┌─ Records to use

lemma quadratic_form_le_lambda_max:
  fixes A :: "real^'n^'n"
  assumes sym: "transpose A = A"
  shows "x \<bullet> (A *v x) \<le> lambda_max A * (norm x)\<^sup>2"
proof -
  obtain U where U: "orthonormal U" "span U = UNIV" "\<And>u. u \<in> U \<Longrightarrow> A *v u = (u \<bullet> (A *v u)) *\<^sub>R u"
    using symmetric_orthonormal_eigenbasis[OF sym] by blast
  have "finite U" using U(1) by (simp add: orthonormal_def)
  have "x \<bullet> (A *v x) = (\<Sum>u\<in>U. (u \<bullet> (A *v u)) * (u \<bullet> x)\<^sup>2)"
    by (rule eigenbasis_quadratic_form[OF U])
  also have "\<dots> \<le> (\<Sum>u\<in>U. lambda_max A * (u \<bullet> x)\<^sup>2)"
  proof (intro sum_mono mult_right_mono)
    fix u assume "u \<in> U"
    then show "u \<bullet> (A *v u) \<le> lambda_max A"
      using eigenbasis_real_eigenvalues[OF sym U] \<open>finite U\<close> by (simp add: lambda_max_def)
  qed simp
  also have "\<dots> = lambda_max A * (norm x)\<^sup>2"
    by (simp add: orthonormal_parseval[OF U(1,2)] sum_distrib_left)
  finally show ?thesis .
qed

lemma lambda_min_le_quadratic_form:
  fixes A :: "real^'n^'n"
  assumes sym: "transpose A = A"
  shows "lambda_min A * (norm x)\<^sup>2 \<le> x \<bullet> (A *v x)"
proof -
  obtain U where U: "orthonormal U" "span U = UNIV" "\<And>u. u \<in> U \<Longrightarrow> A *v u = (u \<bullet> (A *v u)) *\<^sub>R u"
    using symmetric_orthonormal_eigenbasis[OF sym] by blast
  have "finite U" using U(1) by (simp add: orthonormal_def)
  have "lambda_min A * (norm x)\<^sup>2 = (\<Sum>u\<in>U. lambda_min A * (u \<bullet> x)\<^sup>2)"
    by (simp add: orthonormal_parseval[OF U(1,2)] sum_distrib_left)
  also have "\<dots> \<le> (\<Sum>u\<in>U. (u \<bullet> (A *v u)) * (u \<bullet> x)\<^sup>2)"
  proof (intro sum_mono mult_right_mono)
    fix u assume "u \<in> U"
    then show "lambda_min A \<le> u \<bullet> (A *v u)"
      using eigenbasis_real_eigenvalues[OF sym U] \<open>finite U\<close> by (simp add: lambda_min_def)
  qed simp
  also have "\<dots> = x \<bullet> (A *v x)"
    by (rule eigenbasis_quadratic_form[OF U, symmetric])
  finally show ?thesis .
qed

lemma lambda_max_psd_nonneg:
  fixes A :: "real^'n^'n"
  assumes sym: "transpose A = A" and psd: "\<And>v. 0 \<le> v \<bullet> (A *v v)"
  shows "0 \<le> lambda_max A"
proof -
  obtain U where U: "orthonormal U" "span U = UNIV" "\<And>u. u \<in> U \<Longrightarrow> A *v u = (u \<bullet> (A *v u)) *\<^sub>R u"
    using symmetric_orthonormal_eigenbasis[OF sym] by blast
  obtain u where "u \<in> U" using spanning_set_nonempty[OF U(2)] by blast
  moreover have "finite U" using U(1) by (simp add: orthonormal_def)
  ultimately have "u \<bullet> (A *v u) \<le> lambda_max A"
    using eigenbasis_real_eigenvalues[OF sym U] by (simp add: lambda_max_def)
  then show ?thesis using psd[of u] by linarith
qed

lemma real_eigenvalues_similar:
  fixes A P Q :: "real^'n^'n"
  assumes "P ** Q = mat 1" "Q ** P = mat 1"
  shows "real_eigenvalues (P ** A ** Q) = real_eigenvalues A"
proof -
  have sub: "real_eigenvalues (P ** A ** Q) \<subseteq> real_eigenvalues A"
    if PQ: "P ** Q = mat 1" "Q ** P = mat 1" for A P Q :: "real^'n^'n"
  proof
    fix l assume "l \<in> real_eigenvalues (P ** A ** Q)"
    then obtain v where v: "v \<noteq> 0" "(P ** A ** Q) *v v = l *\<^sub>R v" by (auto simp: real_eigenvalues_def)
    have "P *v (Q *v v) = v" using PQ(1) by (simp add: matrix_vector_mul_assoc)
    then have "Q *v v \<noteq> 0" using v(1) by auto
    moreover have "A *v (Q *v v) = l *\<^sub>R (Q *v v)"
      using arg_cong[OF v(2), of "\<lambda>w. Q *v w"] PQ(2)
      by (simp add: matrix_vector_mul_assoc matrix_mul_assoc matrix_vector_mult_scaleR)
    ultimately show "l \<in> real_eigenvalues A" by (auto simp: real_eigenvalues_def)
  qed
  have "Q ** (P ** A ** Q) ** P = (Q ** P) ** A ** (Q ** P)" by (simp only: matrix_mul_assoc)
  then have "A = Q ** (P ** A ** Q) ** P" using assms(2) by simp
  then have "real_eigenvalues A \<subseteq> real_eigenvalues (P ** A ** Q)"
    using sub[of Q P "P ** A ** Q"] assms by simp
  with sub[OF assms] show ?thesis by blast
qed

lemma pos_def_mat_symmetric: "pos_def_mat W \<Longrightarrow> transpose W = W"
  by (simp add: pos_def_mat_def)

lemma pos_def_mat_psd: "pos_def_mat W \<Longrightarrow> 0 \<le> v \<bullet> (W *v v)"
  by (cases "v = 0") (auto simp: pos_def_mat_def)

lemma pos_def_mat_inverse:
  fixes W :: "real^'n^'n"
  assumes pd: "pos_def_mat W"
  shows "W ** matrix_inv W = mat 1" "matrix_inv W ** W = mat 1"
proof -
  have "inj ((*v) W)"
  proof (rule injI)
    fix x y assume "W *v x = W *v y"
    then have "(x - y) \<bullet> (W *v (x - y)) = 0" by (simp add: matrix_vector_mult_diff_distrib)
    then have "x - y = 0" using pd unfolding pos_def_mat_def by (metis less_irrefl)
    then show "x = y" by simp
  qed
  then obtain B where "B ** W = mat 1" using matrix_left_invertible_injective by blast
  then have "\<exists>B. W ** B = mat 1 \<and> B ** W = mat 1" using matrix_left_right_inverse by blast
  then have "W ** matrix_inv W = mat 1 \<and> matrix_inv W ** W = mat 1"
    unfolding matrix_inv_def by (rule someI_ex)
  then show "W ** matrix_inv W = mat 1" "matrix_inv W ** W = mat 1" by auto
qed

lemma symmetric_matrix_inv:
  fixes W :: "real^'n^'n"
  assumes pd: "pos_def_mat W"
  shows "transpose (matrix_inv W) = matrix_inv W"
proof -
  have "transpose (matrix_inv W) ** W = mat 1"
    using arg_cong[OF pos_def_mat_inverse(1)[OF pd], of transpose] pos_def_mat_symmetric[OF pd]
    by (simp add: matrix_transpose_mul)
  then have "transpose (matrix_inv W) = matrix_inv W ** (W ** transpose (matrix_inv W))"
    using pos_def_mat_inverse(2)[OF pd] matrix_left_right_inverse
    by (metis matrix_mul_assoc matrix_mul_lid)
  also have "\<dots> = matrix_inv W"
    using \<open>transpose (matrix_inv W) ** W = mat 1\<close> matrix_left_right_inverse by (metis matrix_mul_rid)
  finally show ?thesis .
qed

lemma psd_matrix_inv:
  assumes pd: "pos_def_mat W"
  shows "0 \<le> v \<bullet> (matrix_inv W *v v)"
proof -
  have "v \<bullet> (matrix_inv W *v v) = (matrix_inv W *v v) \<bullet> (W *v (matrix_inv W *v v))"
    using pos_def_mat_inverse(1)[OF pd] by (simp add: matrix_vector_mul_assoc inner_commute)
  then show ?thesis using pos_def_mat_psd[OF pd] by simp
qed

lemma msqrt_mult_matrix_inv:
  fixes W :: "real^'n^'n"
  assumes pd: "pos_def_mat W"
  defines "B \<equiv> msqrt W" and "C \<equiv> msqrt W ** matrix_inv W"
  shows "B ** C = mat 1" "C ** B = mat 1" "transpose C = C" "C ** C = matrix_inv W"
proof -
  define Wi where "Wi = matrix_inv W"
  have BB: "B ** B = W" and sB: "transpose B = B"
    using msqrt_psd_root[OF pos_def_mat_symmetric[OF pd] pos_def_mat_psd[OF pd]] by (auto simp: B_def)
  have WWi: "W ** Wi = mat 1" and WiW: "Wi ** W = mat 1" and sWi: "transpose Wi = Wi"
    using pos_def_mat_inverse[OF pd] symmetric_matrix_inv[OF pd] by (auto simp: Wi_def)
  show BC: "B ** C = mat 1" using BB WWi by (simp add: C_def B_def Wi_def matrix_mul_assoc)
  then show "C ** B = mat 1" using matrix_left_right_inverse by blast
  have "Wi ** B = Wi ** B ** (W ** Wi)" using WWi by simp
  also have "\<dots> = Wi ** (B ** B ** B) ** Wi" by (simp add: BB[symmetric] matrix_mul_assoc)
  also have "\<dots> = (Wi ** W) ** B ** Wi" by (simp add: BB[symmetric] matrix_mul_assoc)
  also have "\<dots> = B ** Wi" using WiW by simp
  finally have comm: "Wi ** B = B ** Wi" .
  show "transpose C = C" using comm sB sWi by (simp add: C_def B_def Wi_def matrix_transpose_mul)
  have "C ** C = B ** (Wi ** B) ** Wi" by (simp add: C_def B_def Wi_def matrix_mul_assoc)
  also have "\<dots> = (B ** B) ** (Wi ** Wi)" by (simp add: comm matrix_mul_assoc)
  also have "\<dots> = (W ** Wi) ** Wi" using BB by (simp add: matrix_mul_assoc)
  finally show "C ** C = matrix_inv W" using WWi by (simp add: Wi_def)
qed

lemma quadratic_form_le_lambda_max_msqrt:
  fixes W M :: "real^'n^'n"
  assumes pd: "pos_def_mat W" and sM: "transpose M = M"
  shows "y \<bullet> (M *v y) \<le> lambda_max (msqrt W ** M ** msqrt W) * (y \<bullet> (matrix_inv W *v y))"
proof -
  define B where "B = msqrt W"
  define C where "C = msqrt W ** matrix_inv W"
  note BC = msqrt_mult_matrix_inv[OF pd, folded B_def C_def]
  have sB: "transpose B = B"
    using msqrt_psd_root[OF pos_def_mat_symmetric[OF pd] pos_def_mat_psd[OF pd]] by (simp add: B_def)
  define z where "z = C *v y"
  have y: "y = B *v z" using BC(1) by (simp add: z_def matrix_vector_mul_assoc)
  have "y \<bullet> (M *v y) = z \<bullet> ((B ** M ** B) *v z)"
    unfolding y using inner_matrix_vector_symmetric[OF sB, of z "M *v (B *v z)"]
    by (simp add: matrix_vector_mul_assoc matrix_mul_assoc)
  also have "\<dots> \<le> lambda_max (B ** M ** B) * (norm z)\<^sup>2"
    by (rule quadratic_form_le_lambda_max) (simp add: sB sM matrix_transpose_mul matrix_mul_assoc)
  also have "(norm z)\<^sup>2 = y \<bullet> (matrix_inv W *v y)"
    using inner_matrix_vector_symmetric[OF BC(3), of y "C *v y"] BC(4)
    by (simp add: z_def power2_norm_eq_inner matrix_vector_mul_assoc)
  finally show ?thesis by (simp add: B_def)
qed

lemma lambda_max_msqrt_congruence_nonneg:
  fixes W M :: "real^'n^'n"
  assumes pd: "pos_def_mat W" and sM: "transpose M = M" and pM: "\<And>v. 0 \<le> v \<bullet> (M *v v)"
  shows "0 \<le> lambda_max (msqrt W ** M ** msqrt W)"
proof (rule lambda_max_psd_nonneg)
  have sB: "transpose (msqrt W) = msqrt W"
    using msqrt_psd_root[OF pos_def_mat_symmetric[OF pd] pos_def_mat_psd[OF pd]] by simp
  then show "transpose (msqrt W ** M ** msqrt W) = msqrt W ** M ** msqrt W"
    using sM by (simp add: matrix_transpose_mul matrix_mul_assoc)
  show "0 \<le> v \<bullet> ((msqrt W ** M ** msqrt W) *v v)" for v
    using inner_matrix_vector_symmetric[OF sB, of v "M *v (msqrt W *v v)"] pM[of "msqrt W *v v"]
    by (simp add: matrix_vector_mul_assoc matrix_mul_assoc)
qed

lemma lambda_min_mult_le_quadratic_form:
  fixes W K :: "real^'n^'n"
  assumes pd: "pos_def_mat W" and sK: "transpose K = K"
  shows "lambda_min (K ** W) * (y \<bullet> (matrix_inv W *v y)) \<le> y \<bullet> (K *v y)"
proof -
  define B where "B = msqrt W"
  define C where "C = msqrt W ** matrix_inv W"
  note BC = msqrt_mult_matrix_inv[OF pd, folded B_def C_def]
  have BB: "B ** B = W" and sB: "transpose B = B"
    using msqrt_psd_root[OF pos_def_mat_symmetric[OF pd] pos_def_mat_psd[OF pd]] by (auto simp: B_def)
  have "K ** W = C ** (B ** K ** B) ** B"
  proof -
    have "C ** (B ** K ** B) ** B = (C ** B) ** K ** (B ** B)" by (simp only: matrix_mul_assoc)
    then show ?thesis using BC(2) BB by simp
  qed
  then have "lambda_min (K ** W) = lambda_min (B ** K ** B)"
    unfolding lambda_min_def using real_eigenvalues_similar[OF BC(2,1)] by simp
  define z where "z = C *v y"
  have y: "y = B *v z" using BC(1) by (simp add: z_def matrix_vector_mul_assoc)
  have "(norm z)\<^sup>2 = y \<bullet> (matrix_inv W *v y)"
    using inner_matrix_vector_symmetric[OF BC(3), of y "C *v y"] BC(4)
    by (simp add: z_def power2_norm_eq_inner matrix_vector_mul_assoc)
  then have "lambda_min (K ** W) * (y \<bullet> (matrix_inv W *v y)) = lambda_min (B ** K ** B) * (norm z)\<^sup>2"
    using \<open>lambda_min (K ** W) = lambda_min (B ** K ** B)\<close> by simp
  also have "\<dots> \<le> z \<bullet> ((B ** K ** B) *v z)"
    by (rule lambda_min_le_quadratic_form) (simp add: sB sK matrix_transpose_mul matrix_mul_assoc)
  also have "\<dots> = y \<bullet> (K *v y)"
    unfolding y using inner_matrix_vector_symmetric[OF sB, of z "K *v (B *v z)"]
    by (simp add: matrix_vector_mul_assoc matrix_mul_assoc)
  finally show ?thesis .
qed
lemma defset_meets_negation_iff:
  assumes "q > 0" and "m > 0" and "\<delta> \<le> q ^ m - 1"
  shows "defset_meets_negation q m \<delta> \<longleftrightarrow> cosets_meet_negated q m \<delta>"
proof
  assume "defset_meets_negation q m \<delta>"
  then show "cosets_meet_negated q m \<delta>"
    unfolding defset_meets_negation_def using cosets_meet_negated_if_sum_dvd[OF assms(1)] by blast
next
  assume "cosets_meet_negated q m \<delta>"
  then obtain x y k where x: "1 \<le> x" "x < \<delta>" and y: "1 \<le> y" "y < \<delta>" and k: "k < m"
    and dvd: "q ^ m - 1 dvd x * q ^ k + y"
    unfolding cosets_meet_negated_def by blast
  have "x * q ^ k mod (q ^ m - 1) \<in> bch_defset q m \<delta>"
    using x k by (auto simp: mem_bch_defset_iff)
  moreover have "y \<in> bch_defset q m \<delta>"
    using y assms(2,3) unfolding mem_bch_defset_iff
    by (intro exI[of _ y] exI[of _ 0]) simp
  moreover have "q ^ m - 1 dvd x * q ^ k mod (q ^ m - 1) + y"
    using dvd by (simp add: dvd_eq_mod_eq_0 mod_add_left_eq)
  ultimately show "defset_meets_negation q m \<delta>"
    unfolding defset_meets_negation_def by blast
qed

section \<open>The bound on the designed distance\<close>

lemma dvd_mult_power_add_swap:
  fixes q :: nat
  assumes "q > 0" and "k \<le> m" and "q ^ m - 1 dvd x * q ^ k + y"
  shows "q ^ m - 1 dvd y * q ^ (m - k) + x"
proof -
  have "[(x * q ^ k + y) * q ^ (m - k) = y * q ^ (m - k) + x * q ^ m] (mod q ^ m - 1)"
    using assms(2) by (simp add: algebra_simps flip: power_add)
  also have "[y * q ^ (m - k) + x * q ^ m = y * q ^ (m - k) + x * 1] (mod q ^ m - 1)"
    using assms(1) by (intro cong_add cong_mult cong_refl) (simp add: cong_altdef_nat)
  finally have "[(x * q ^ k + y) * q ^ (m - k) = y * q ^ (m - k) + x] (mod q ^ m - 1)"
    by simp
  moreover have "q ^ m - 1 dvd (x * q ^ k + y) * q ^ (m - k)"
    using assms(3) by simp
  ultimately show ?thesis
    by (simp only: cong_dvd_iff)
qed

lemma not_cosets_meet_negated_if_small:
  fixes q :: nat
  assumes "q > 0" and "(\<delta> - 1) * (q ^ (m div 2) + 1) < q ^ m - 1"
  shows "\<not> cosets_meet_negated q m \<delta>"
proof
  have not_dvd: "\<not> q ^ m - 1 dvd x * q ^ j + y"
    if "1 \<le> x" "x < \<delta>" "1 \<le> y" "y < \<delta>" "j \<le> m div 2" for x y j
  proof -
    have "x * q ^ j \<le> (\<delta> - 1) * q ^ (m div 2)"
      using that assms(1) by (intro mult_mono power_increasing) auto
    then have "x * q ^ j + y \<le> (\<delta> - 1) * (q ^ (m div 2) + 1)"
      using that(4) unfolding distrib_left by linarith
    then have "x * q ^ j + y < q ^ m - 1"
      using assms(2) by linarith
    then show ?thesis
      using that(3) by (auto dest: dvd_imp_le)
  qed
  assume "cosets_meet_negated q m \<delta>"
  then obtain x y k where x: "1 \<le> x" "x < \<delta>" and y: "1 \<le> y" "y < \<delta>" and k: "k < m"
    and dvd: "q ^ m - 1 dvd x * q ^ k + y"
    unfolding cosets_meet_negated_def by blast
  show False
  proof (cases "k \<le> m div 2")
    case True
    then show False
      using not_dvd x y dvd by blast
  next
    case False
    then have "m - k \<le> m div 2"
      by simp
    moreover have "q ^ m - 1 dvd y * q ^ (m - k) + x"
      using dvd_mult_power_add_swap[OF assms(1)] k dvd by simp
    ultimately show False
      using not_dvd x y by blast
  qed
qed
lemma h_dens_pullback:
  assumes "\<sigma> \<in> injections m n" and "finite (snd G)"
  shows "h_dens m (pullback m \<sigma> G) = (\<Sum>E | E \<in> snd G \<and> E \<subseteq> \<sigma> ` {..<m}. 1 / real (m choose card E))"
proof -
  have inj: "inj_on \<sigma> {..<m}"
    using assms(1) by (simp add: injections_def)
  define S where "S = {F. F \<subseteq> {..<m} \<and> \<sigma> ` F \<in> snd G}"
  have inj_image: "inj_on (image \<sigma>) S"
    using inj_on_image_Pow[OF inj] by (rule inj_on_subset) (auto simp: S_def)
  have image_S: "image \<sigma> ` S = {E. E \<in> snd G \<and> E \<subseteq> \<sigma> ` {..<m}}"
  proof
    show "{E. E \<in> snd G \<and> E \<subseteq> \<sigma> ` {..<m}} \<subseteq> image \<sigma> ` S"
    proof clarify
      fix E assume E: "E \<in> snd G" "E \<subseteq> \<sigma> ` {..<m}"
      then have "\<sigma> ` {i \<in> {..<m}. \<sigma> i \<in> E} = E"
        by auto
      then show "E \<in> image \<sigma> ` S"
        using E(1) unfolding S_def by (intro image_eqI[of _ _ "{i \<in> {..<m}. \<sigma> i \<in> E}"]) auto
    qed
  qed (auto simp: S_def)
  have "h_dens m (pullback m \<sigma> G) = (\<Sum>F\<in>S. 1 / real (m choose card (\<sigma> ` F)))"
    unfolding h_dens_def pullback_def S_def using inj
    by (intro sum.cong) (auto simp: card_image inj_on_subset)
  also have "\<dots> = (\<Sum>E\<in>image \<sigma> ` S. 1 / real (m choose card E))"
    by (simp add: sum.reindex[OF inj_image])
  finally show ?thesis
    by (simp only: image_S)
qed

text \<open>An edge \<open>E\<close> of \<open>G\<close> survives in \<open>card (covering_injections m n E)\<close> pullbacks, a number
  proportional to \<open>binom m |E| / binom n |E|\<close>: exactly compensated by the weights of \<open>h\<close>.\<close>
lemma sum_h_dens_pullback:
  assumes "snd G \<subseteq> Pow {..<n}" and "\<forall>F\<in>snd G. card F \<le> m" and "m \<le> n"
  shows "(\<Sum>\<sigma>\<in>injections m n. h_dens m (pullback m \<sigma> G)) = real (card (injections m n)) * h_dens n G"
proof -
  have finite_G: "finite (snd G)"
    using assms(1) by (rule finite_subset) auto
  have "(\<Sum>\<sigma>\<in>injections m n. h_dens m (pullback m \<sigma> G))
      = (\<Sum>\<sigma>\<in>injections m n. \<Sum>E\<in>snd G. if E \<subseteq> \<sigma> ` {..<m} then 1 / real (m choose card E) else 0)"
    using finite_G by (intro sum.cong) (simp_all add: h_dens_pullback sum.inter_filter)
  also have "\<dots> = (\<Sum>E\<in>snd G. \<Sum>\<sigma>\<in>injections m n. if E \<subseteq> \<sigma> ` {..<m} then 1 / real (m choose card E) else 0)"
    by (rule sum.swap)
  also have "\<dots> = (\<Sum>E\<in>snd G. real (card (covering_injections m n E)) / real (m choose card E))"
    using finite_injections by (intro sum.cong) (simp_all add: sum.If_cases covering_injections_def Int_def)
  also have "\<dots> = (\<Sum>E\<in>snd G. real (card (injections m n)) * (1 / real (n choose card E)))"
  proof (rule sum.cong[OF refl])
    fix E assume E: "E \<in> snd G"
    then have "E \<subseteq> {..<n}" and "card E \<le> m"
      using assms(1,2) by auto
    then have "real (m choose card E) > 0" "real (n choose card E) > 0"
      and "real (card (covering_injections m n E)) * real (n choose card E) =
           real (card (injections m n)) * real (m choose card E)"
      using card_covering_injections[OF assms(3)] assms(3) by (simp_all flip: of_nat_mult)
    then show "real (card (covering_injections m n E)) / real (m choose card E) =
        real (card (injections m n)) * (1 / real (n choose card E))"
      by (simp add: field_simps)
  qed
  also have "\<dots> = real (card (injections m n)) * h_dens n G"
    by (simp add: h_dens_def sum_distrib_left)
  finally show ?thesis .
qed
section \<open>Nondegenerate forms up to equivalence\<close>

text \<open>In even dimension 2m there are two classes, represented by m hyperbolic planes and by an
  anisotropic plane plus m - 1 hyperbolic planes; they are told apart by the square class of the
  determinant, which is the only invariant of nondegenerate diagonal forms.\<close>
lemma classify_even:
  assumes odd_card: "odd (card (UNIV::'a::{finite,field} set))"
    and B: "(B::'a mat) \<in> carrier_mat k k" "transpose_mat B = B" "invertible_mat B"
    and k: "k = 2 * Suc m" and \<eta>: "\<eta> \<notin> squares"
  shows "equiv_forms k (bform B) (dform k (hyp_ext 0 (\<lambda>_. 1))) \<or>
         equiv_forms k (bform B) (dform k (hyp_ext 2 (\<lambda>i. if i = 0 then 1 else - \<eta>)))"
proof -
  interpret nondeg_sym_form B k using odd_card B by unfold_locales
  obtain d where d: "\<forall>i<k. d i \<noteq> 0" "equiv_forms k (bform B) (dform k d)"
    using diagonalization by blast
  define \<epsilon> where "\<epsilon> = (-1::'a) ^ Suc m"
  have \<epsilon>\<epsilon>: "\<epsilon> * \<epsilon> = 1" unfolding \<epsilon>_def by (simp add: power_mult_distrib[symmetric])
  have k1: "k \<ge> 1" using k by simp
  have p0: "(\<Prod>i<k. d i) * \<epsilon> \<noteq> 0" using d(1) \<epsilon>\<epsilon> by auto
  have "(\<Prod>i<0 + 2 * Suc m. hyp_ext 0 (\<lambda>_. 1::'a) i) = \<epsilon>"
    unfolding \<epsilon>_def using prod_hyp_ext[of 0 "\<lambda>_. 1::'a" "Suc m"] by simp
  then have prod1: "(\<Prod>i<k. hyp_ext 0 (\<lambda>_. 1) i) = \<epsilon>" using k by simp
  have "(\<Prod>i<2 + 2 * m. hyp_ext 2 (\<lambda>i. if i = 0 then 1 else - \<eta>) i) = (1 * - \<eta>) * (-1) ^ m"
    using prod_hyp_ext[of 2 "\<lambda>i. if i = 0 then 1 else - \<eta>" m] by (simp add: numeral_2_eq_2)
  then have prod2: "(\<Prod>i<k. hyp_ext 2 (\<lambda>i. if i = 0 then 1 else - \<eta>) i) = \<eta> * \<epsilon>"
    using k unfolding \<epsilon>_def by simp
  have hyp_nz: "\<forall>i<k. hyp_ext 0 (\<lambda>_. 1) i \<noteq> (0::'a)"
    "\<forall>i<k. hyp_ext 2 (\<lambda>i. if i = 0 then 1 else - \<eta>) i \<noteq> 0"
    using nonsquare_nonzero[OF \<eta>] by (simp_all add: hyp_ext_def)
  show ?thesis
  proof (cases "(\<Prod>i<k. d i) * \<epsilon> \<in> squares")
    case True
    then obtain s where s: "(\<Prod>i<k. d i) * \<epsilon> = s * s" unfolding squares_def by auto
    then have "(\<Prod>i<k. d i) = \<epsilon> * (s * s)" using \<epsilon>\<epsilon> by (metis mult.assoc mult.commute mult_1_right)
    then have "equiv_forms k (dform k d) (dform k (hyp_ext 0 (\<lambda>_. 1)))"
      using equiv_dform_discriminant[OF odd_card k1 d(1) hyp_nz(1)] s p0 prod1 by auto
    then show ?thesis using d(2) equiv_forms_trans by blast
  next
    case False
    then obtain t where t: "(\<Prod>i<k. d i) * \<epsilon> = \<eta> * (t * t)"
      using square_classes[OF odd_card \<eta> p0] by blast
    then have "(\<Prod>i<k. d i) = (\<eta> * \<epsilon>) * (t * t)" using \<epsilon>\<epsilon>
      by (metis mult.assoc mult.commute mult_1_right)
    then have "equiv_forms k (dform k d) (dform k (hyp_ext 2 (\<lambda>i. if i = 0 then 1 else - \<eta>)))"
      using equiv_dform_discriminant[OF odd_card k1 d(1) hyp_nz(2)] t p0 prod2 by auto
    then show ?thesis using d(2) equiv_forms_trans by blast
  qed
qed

└─

» **Required action**
One number only, please: the count of lines in the material holding the word "that".

» **Response area**
3